Agrostis gigantea
Roth Red-top BentRhizomatous perennial, culms ascending to erect, to 150 cm high. Leaves glabrous; blade flat or inrolled, smooth or slightly scabrous, to 20 cm long and 8 mm wide; ligule obtuse, usually toothed, to 6 mm long. Inflorescence a usually somewhat contracted panicle, 8–25 cm long, the branches remaining inclined to the main axis. Clavate apex of pedicel scabrous. Spikelets 2–3 mm long, purplish-brown to, rarely, green; glumes subequal, firmly membranous, narrowly acute, scabrous along the keel; lemma membranous, with shortly hairy callus, apex truncate or the nerves exserted as short points, two-thirds to three-quarters as long as glumes, rarely a weak subterminal awn present, not exceeding the lemma apex; palea about half as long as lemma. Flowers Nov.–Feb.
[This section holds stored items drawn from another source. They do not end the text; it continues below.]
lemma P_Q_orbit_e_1:
  assumes n: "n \<ge> 2" and x: "x \<in> carrier_vec n" and y: "y \<in> carrier_vec n" "y \<noteq> 0\<^sub>v n"
    and y_last: "y $ (n-1) = 0"
  shows "\<exists>p \<in> P_Q n (n-1). p *\<^sub>v e_1 n = x @\<^sub>v y"
proof -
  define C where "C = mat n n (\<lambda>(i,j). if j = 0 then y $ i else if i = 0 then y $ j else 0)"
  have C: "C \<in> carrier_mat n n" "transpose_mat C = C"
    unfolding C_def by (auto intro!: eq_matI)
  have C_e_n: "C *\<^sub>v unit_vec n (n-1) = 0\<^sub>v n"
    using n y_last by (intro eq_vecI) (auto simp: C_def)
  have C_e_1: "C *\<^sub>v unit_vec n 0 = y"
    using n y by (intro eq_vecI) (auto simp: C_def)
  obtain B where B: "B \<in> carrier_mat n n" "transpose_mat B = B" and By: "B *\<^sub>v y = x - unit_vec n 0"
    using exists_symmetric_mat_mult_vec[OF y, of "x - unit_vec n 0"] x by auto
  have n1: "n \<ge> 1" using n by simp
  have "(sp_upper n B * sp_lower n C) *\<^sub>v e_1 n = sp_upper n B *\<^sub>v (sp_lower n C *\<^sub>v e_1 n)"
    using Sp_Q_carrier[OF sp_upper_Sp_Q[OF B]] Sp_Q_carrier[OF sp_lower_Sp_Q[OF C]] by simp
  also have "sp_lower n C *\<^sub>v e_1 n = unit_vec n 0 @\<^sub>v y"
    unfolding e_1_append[OF n1] using sp_lower_mult_vec[OF C(1)] C_e_1 y n by simp
  also have "sp_upper n B *\<^sub>v (unit_vec n 0 @\<^sub>v y) = (unit_vec n 0 + (x - unit_vec n 0)) @\<^sub>v y"
    using sp_upper_mult_vec[OF B(1), of "unit_vec n 0" y] y By by simp
  also have "unit_vec n 0 + (x - unit_vec n 0) = x"
    using x by (intro eq_vecI) auto
  finally show ?thesis
    using P_Q_mult[OF n1 sp_upper_P_Q[OF n1 B] sp_lower_P_Q[OF n1 C C_e_n]] by blast
qed

lemma rat_pair_as_coprime_multiple:
  fixes u v :: rat
  obtains a b :: int and r :: rat where "coprime a b" "u = of_int a * r" "v = of_int b * r"
proof -
  obtain p q :: int and d :: int where d: "d > 0" and u: "u = of_int p / of_int d" and v: "v = of_int q / of_int d"
  proof -
    obtain p0 q0 where 0: "quotient_of u = (p0,q0)" by fastforce
    obtain p1 q1 where 1: "quotient_of v = (p1,q1)" by fastforce
    have "q0 > 0" "q1 > 0" using quotient_of_denom_pos[OF 0] quotient_of_denom_pos[OF 1] .
    then show ?thesis
      using that[of "q0*q1" "p0*q1" "p1*q0"] quotient_of_div[OF 0] quotient_of_div[OF 1]
      by (simp add: field_simps)
  qed
  show ?thesis
  proof (cases "p = 0 \<and> q = 0")
    case True
    then show ?thesis using that[of 1 0 0] u v by simp
  next
    case False
    define g where "g = gcd p q"
    have "g \<noteq> 0" using False unfolding g_def by simp
    have "p = (p div g) * g" "q = (q div g) * g"
      unfolding g_def by simp_all
    then have "u = of_int (p div g) * (of_int g / of_int d)" "v = of_int (q div g) * (of_int g / of_int d)"
      unfolding u v by (metis of_int_mult times_divide_eq_right)+
    then show ?thesis
      using that div_gcd_coprime[of p q] False unfolding g_def by blast
  qed
qed

lemma Gamma0_clears_last_coordinate:
  assumes n: "n \<ge> 2" and y: "y \<in> carrier_vec n" "y \<noteq> 0\<^sub>v n"
  shows "\<exists>A D. A \<in> carrier_mat n n \<and> D \<in> carrier_mat n n \<and> sp_diag n A D \<in> Gamma0 n N \<and>
    D *\<^sub>v y \<noteq> 0\<^sub>v n \<and> (D *\<^sub>v y) $ (n-1) = 0"
proof -
  obtain a b :: int and r where ab: "coprime a b" and ya: "y $ 0 = of_int a * r" and yb: "y $ (n-1) = of_int b * r"
    by (rule rat_pair_as_coprime_multiple)
  obtain s t where st: "s * a + t * b = 1"
    using bezout_int[of a b] ab by (auto simp: coprime_iff_gcd_eq_1)
  define A where "A = corner_mat n (of_int a) (of_int b) (of_int (-t)) (of_int s)"
  define D where "D = corner_mat n (of_int s) (of_int t) (of_int (-b)) (of_int a)"
  have A: "A \<in> carrier_mat n n" and D: "D \<in> carrier_mat n n"
    unfolding A_def D_def by auto
  have "transpose_mat A * D = corner_mat n (of_int (s * a + t * b)) 0 0 (of_int (s * a + t * b))"
    unfolding A_def D_def transpose_corner_mat[OF n] corner_mat_mult[OF n] by (simp add: algebra_simps)
  then have AD: "transpose_mat A * D = 1\<^sub>m n"
    unfolding st using corner_mat_one[OF n] by simp
  have "sp_diag n A D \<in> Gamma0 n N"
    using A D AD by (intro sp_diag_Gamma0) (auto simp: A_def D_def intro!: corner_mat_Ints)
  moreover have "D *\<^sub>v y \<noteq> 0\<^sub>v n"
  proof
    assume "D *\<^sub>v y = 0\<^sub>v n"
    then have "(transpose_mat A * D) *\<^sub>v y = transpose_mat A *\<^sub>v 0\<^sub>v n"
      using A D y by (simp add: assoc_mult_mat_vec[of _ n n _ n])
    also have "\<dots> = 0\<^sub>v n"
      using A by (intro eq_vecI) auto
    finally show False using AD y by simp
  qed
  moreover have "(D *\<^sub>v y) $ (n-1) = 0"
    unfolding D_def corner_mat_mult_vec_last[OF n y(1)] ya yb by simp
  ultimately show ?thesis
    using A D by blast
qed
(* Let $X$ be a finite set with $|X|\ge5$, $k$ an integer with $5<k<|X|-5$, $\mathfrak{C}$ a nonempty symmetric family of choice functions for $\binom{X}{k}$, $\mathcal{F}$ the set of simple averaging functions for $\mathfrak{C}$, and assume $r(\mathcal{F})=2$. Let $a^*_1\ne a^*_2$ be elements of $X$. Then there is $f^*\in\mathcal{F}_{[2]}$ such that: $f^*(a^*_1,a^*_2)=a^*_2$; for $b_1\ne b_2$ with $\{b_1,b_2\}\subseteq\{a^*_1,a^*_2\}$, $f^*(b_1,b_2)=b_2$; and for $b_1\ne b_2$ with $\{b_1,b_2\}\not\subseteq\{a^*_1,a^*_2\}$, $f^*(b_1,b_2)=b_1$.
   Context: $\binom{X}{k}=\{Y\subseteq X:|Y|=k\}$; choice functions satisfy $c(Y)\in Y$. Symmetric: closed under $c\mapsto\pi*c$, $(\pi*c)(Y)=\pi^{-1}(c(\pi(Y)))$. $\mathcal{F}_{[r]}$: functions $f:X^r\to X$ with $f(a,\dots,a)=a$ such that for all $c_1,\dots,c_r\in\mathfrak{C}$, $Y\mapsto f(c_1(Y),\dots,c_r(Y))$ is in $\mathfrak{C}$. A monarchy is a projection. $r(\mathcal{F})=\min\{r:\text{some } f\in\mathcal{F}_{[r]}\text{ is not a monarchy}\}$. *)

theory Defs
  imports Main
begin

definition ksubsets :: "'a set \<Rightarrow> nat \<Rightarrow> 'a set set" where
  "ksubsets X k = {Y. Y \<subseteq> X \<and> card Y = k}"

text \<open>Choice functions for the k-subsets of X, made extensional (undefined
  outside the domain) so that equality of choice functions is meaningful.\<close>
definition choice_fun :: "'a set \<Rightarrow> nat \<Rightarrow> ('a set \<Rightarrow> 'a) \<Rightarrow> bool" where
  "choice_fun X k c \<longleftrightarrow> (\<forall>Y \<in> ksubsets X k. c Y \<in> Y) \<and> (\<forall>Y. Y \<notin> ksubsets X k \<longrightarrow> c Y = undefined)"

definition perm_act :: "'a set \<Rightarrow> nat \<Rightarrow> ('a \<Rightarrow> 'a) \<Rightarrow> ('a set \<Rightarrow> 'a) \<Rightarrow> ('a set \<Rightarrow> 'a)" where
  "perm_act X k \<pi> c = (\<lambda>Y. if Y \<in> ksubsets X k then inv_into X \<pi> (c (\<pi> ` Y)) else undefined)"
Naturalized in all States except NT, North America, New Zealand. Indigenous to much of Europe and temperate Asia. Known with certainty in Victoria from suburban Melbourne, Geelong area, Healesville, Oxley area and Mt Buffalo, but no reliable collections made in Victoria since 1961.
References in early literature to this species are attributable to misdeterminations of Agrostis capillaris and A. stolonifera.
Walsh, N.G. (1994). Poaceae. In: Walsh, N.G.; Entwisle, T.J., Flora of Victoria Vol. 2, Ferns and Allied Plants, Conifers and Monocotyledons, pp. 356–627. Inkata Press, Melbourne.